**Supplied material**:
(* Let $M$ be a nonzero $\mathscr{D}(R,V)$-module. Either $\mathrm{Ann}_R(M) = (0)$ or $\mathrm{Ann}_R(M) = \pi^\ell R$ for some $\ell \geq 1$.
   Context: Let $(V, \pi V, k)$ be a DVR of mixed characteristic $(0,p)$ (i.e. $V$ has characteristic zero, maximal ideal generated by $\pi$, and residue field $k$ of characteristic $p>0$), and let $R$ be either $V[[x_1, \ldots, x_n]]$ or $V[x_1, \ldots, x_n]$ for some $n \geq 0$. $\mathscr{D}(R,V)$ denotes the ring of $V$-linear differential operators on $R$, and $\mathscr{D}(R,V)$-modules are left modules over it. *)

theory Defs
  imports Main "HOL-Library.Poly_Mapping"
begin

text \<open>Formal power series (and polynomials) in the variables x_0, ..., x_{n-1}
  over a coefficient ring 'v are encoded as coefficient functions on monomials
  (exponent vectors, i.e. finitely supported nat-valued functions).\<close>

type_synonym 'v ser = "(nat \<Rightarrow>\<^sub>0 nat) \<Rightarrow> 'v"

definition PS :: "nat \<Rightarrow> ('v::zero) ser set" where
  "PS n = {f. \<forall>a. f a \<noteq> 0 \<longrightarrow> Poly_Mapping.keys a \<subseteq> {..<n}}"

definition MPolys :: "nat \<Rightarrow> ('v::zero) ser set" where
  "MPolys n = {f \<in> PS n. finite {a. f a \<noteq> 0}}"

definition ser_zero :: "('v::zero) ser" where
  "ser_zero = (\<lambda>_. 0)"

definition ser_add :: "('v::plus) ser \<Rightarrow> 'v ser \<Rightarrow> 'v ser" where
  "ser_add f g = (\<lambda>a. f a + g a)"

definition ser_mult :: "('v::comm_semiring_1) ser \<Rightarrow> 'v ser \<Rightarrow> 'v ser" where
  "ser_mult f g = (\<lambda>a. \<Sum>(b, c)\<in>{(b, c). b + c = a}. f b * g c)"

definition ser_const :: "('v::zero) \<Rightarrow> 'v ser" where
  "ser_const c = (\<lambda>a. if a = 0 then c else 0)"

definition ser_smult :: "('v::times) \<Rightarrow> 'v ser \<Rightarrow> 'v ser" where
  "ser_smult c f = (\<lambda>a. c * f a)"

text \<open>Operators on R are functions on the coefficient-function type that vanish
  outside the carrier R (so that equality of operators is equality on R).\<close>

definition mult_op :: "('v::comm_semiring_1) ser set \<Rightarrow> 'v ser \<Rightarrow> ('v ser \<Rightarrow> 'v ser)" where
  "mult_op R r = (\<lambda>f. if f \<in> R then ser_mult r f else ser_zero)"

definition V_linear :: "('v::comm_semiring_1) ser set \<Rightarrow> ('v ser \<Rightarrow> 'v ser) \<Rightarrow> bool" where
  "V_linear R \<delta> \<longleftrightarrow> \<delta> ` R \<subseteq> R
     \<and> (\<forall>f. f \<notin> R \<longrightarrow> \<delta> f = ser_zero)
     \<and> (\<forall>f\<in>R. \<forall>g\<in>R. \<delta> (ser_add f g) = ser_add (\<delta> f) (\<delta> g))
     \<and> (\<forall>c. \<forall>f\<in>R. \<delta> (ser_smult c f) = ser_smult c (\<delta> f))"

definition commutator :: "('v::comm_ring_1) ser set \<Rightarrow> ('v ser \<Rightarrow> 'v ser) \<Rightarrow> 'v ser \<Rightarrow> ('v ser \<Rightarrow> 'v ser)" where
  "commutator R \<delta> r = (\<lambda>f. if f \<in> R then (\<lambda>a. \<delta> (ser_mult r f) a - ser_mult r (\<delta> f) a) else ser_zero)"

fun diffops :: "('v::comm_ring_1) ser set \<Rightarrow> nat \<Rightarrow> ('v ser \<Rightarrow> 'v ser) set" where
  "diffops R 0 = {mult_op R r | r. r \<in> R}"
| "diffops R (Suc m) = {\<delta>. V_linear R \<delta> \<and> (\<forall>r\<in>R. commutator R \<delta> r \<in> diffops R m)}"

definition DiffOps :: "('v::comm_ring_1) ser set \<Rightarrow> ('v ser \<Rightarrow> 'v ser) set" where
  "DiffOps R = (\<Union>m. diffops R m)"

definition D_module :: "('v::comm_ring_1) ser set \<Rightarrow> (('v ser \<Rightarrow> 'v ser) \<Rightarrow> 'm::ab_group_add \<Rightarrow> 'm) \<Rightarrow> bool" where
  "D_module R act \<longleftrightarrow>
     (\<forall>\<delta>\<in>DiffOps R. \<forall>x y. act \<delta> (x + y) = act \<delta> x + act \<delta> y)
   \<and> (\<forall>\<delta>\<in>DiffOps R. \<forall>\<delta>'\<in>DiffOps R. \<forall>x. act (\<lambda>f. ser_add (\<delta> f) (\<delta>' f)) x = act \<delta> x + act \<delta>' x)
   \<and> (\<forall>\<delta>\<in>DiffOps R. \<forall>\<delta>'\<in>DiffOps R. \<forall>x. act (\<delta> \<circ> \<delta>') x = act \<delta> (act \<delta>' x))
   \<and> (\<forall>x. act (mult_op R (ser_const 1)) x = x)"

definition Ann_R :: "('v::comm_ring_1) ser set \<Rightarrow> (('v ser \<Rightarrow> 'v ser) \<Rightarrow> 'm::ab_group_add \<Rightarrow> 'm) \<Rightarrow> 'v ser set" where
  "Ann_R R act = {r \<in> R. \<forall>x. act (mult_op R r) x = 0}"

definition mixed_char_DVR :: "('v::idom) \<Rightarrow> bool" where
  "mixed_char_DVR \<pi> \<longleftrightarrow> \<pi> \<noteq> 0 \<and> \<not> \<pi> dvd 1
     \<and> (\<forall>x. x \<noteq> 0 \<longrightarrow> (\<exists>u k. u dvd 1 \<and> x = u * \<pi> ^ k))
     \<and> (\<forall>n::nat. of_nat n = (0::'v) \<longrightarrow> n = 0)
     \<and> (\<exists>p::nat. p > 0 \<and> \<pi> dvd of_nat p)"

end

theory Submission
  imports Defs "HOL-Computational_Algebra.Formal_Power_Series"
begin

(* The annihilator J of M is an ideal of R that is stable under the Hasse derivatives
   D_i^(k) = (1/k!) (d/dx_i)^k: by the Leibniz rule D_i^(k) r = sum_j D_i^(j)(r) D_i^(k-j) as
   operators on R, so if r kills M, induction on k shows that D_i^(k)(r) kills M.
   The composite D^(a) of the D_i^(a_i) moves the coefficient f_a of f to the constant term.
   For a polynomial f and a of maximal total degree, D^(a) f is the constant f_a; removing
   that term and inducting on the support puts every coefficient of f into J.  For a power
   series take f_a of minimal valuation: then D^(a) f = f_a q with q(0) = 1, so q is a unit
   of R and again f_a lies in J.  Hence J is generated by the ideal of constants in J, an
   ideal of the DVR V, which is (0) or (pi^l); here l >= 1 because M is nonzero. *)

section \<open>Formal power series as coefficient functions\<close>

type_synonym monomial = "nat \<Rightarrow>\<^sub>0 nat"

abbreviation keys where "keys \<equiv> Poly_Mapping.keys"
abbreviation lookup where "lookup \<equiv> Poly_Mapping.lookup"
abbreviation single where "single \<equiv> Poly_Mapping.single"

definition antidiagonal :: "monomial \<Rightarrow> (monomial \<times> monomial) set" where
  "antidiagonal a = {(b, c). b + c = a}"

lemma mem_antidiagonal [simp]: "p \<in> antidiagonal a \<longleftrightarrow> fst p + snd p = a"
  by (cases p) (simp add: antidiagonal_def)

lemma finite_antidiagonal: "finite (antidiagonal a)"
proof -
  define M where "M = (\<Sum>i\<in>keys a. lookup a i)"
  define S :: "(nat \<Rightarrow> nat) set" where
    "S = {f. \<forall>x. (x \<in> keys a \<longrightarrow> f x \<in> {..M}) \<and> (x \<notin> keys a \<longrightarrow> f x = 0)}"
  have "finite S" unfolding S_def by (rule finite_set_of_finite_funs) auto
  then have "finite {b. lookup b \<in> S}"
    using finite_vimageI[of S lookup] by (simp add: vimage_def inj_def poly_mapping_eqI)
  moreover have "fst ` antidiagonal a \<subseteq> {b. lookup b \<in> S}"
  proof
    fix b assume "b \<in> fst ` antidiagonal a"
    then obtain c where bc: "b + c = a" by auto
    have "lookup b x \<le> lookup a x" for x using bc by (auto simp: lookup_add)
    moreover have "lookup a x \<le> M" if "x \<in> keys a" for x
      unfolding M_def using that by (intro member_le_sum) auto
    ultimately show "b \<in> {b. lookup b \<in> S}"
      unfolding S_def by (simp add: in_keys_iff) (metis le_zero_eq order_trans)
  qed
  ultimately have "finite (fst ` antidiagonal a)" by (rule finite_subset[rotated])
  moreover have "antidiagonal a \<subseteq> (\<lambda>b. (b, a - b)) ` fst ` antidiagonal a"
  proof
    fix p assume p: "p \<in> antidiagonal a"
    then have "p = (fst p, a - fst p)" by (cases p) auto
    with p show "p \<in> (\<lambda>b. (b, a - b)) ` fst ` antidiagonal a" by blast
  qed
  ultimately show ?thesis by (meson finite_imageI finite_subset)
qed

lemma monomial_add_eq_0_iff: "b + c = (0 :: monomial) \<longleftrightarrow> b = 0 \<and> c = 0"
proof
  assume "b + c = 0"
  then have "lookup b x + lookup c x = 0" for x
    by (metis lookup_add lookup_zero)
  then show "b = 0 \<and> c = 0"
    by (auto intro!: poly_mapping_eqI)
qed simp

lemma antidiagonal_0: "antidiagonal 0 = {(0, 0)}"
  by (auto simp: monomial_add_eq_0_iff)

lemma ser_mult_eq_sum_antidiagonal: "ser_mult f g a = (\<Sum>p\<in>antidiagonal a. f (fst p) * g (snd p))"
  by (simp add: ser_mult_def antidiagonal_def split_def)

lemma ser_mult_commute: "ser_mult f g = ser_mult (g :: 'v::comm_semiring_1 ser) f"
  unfolding ser_mult_eq_sum_antidiagonal
  by (intro ext sum.reindex_bij_witness[where i=prod.swap and j=prod.swap])
     (auto simp: add.commute mult.commute)

lemma ser_mult_assoc: "ser_mult (ser_mult f g) h = ser_mult f (ser_mult g (h :: 'v::comm_semiring_1 ser))"
proof
  fix a
  have "ser_mult (ser_mult f g) h a
      = (\<Sum>pq\<in>Sigma (antidiagonal a) (\<lambda>p. antidiagonal (fst p)). f (fst (snd pq)) * g (snd (snd pq)) * h (snd (fst pq)))"
    by (simp add: ser_mult_eq_sum_antidiagonal sum_distrib_right sum.Sigma finite_antidiagonal split_def)
  also have "\<dots> = (\<Sum>pq\<in>Sigma (antidiagonal a) (\<lambda>p. antidiagonal (snd p)). f (fst (fst pq)) * (g (fst (snd pq)) * h (snd (snd pq))))"
    by (rule sum.reindex_bij_witness[where
          i="\<lambda>((d, b), (e, c)). ((d + e, c), (d, e))" and j="\<lambda>((b, c), (d, e)). ((d, e + c), (e, c))"])
       (auto simp: add.assoc mult.assoc)
  also have "\<dots> = ser_mult f (ser_mult g h) a"
    by (simp add: ser_mult_eq_sum_antidiagonal sum_distrib_left sum.Sigma finite_antidiagonal split_def)
  finally show "ser_mult (ser_mult f g) h a = ser_mult f (ser_mult g h) a" .
qed

lemma ser_mult_left_commute: "ser_mult f (ser_mult g h) = ser_mult g (ser_mult f (h :: 'v::comm_semiring_1 ser))"
  by (metis ser_mult_assoc ser_mult_commute)

lemma ser_mult_const_left: "ser_mult (ser_const c) f = ser_smult (c :: 'v::comm_semiring_1) f"
proof
  fix a
  have "ser_mult (ser_const c) f a = (\<Sum>p\<in>antidiagonal a. if p = (0, a) then c * f a else 0)"
    unfolding ser_mult_eq_sum_antidiagonal
    by (rule sum.cong) (auto simp: ser_const_def)
  then show "ser_mult (ser_const c) f a = ser_smult c f a"
    by (simp add: finite_antidiagonal ser_smult_def)
qed

lemma ser_mult_const_right: "ser_mult f (ser_const c) = ser_smult (c :: 'v::comm_semiring_1) f"
  by (metis ser_mult_commute ser_mult_const_left)

lemma ser_smult_const: "ser_smult d (ser_const c) = ser_const (d * (c :: 'v::comm_semiring_1))"
  by (auto simp: ser_smult_def ser_const_def)

lemma ser_zero_eq_const: "ser_zero = ser_const 0"
  by (auto simp: ser_zero_def ser_const_def)

lemma ser_mult_add_right:
  "ser_mult r (ser_add f g) = ser_add (ser_mult r f) (ser_mult (r :: 'v::comm_semiring_1 ser) g)"
  by (rule ext) (simp add: ser_mult_eq_sum_antidiagonal ser_add_def distrib_left sum.distrib)

lemma ser_mult_add_left:
  "ser_mult (ser_add f g) r = ser_add (ser_mult f r) (ser_mult g (r :: 'v::comm_semiring_1 ser))"
  by (metis ser_mult_add_right ser_mult_commute)

lemma ser_mult_diff_right:
  "ser_mult r (\<lambda>a. f a - g a) = (\<lambda>a. ser_mult r f a - ser_mult (r :: 'v::comm_ring_1 ser) g a)"
  by (rule ext) (simp add: ser_mult_eq_sum_antidiagonal right_diff_distrib sum_subtractf)

lemma ser_mult_smult_right: "ser_mult r (ser_smult c f) = ser_smult c (ser_mult r (f :: 'v::comm_semiring_1 ser))"
  by (rule ext) (simp add: ser_mult_eq_sum_antidiagonal ser_smult_def sum_distrib_left mult.left_commute)

lemma ser_mult_nonzero_coeff:
  assumes "ser_mult f g a \<noteq> 0"
  obtains b c where "b + c = a" "f b \<noteq> 0" "g c \<noteq> 0"
proof -
  obtain p where "p \<in> antidiagonal a" "f (fst p) * g (snd p) \<noteq> 0"
    using assms sum.not_neutral_contains_not_neutral unfolding ser_mult_eq_sum_antidiagonal by blast
  then show ?thesis
    using that[of "fst p" "snd p"] by (metis mem_antidiagonal mult_zero_left mult_zero_right)
qed

lemma ser_mult_zero_left [simp]: "ser_mult ser_zero f = (ser_zero :: 'v::comm_semiring_1 ser)"
  by (rule ext) (simp add: ser_mult_eq_sum_antidiagonal ser_zero_def)

lemma ser_mult_zero_right [simp]: "ser_mult f ser_zero = (ser_zero :: 'v::comm_semiring_1 ser)"
  by (rule ext) (simp add: ser_mult_eq_sum_antidiagonal ser_zero_def)

lemma ser_zero_apply [simp]: "ser_zero a = 0"
  by (simp add: ser_zero_def)

lemma ser_add_zero_left [simp]: "ser_add ser_zero f = (f :: 'v::monoid_add ser)"
  by (simp add: ser_add_def ser_zero_def)

lemma ser_smult_1 [simp]: "ser_smult 1 f = (f :: 'v::monoid_mult ser)"
  by (simp add: ser_smult_def)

**Problem details**:
On how many lines of the data does the word "equiv" appear? Reply with the number alone.

**Task solution**:
3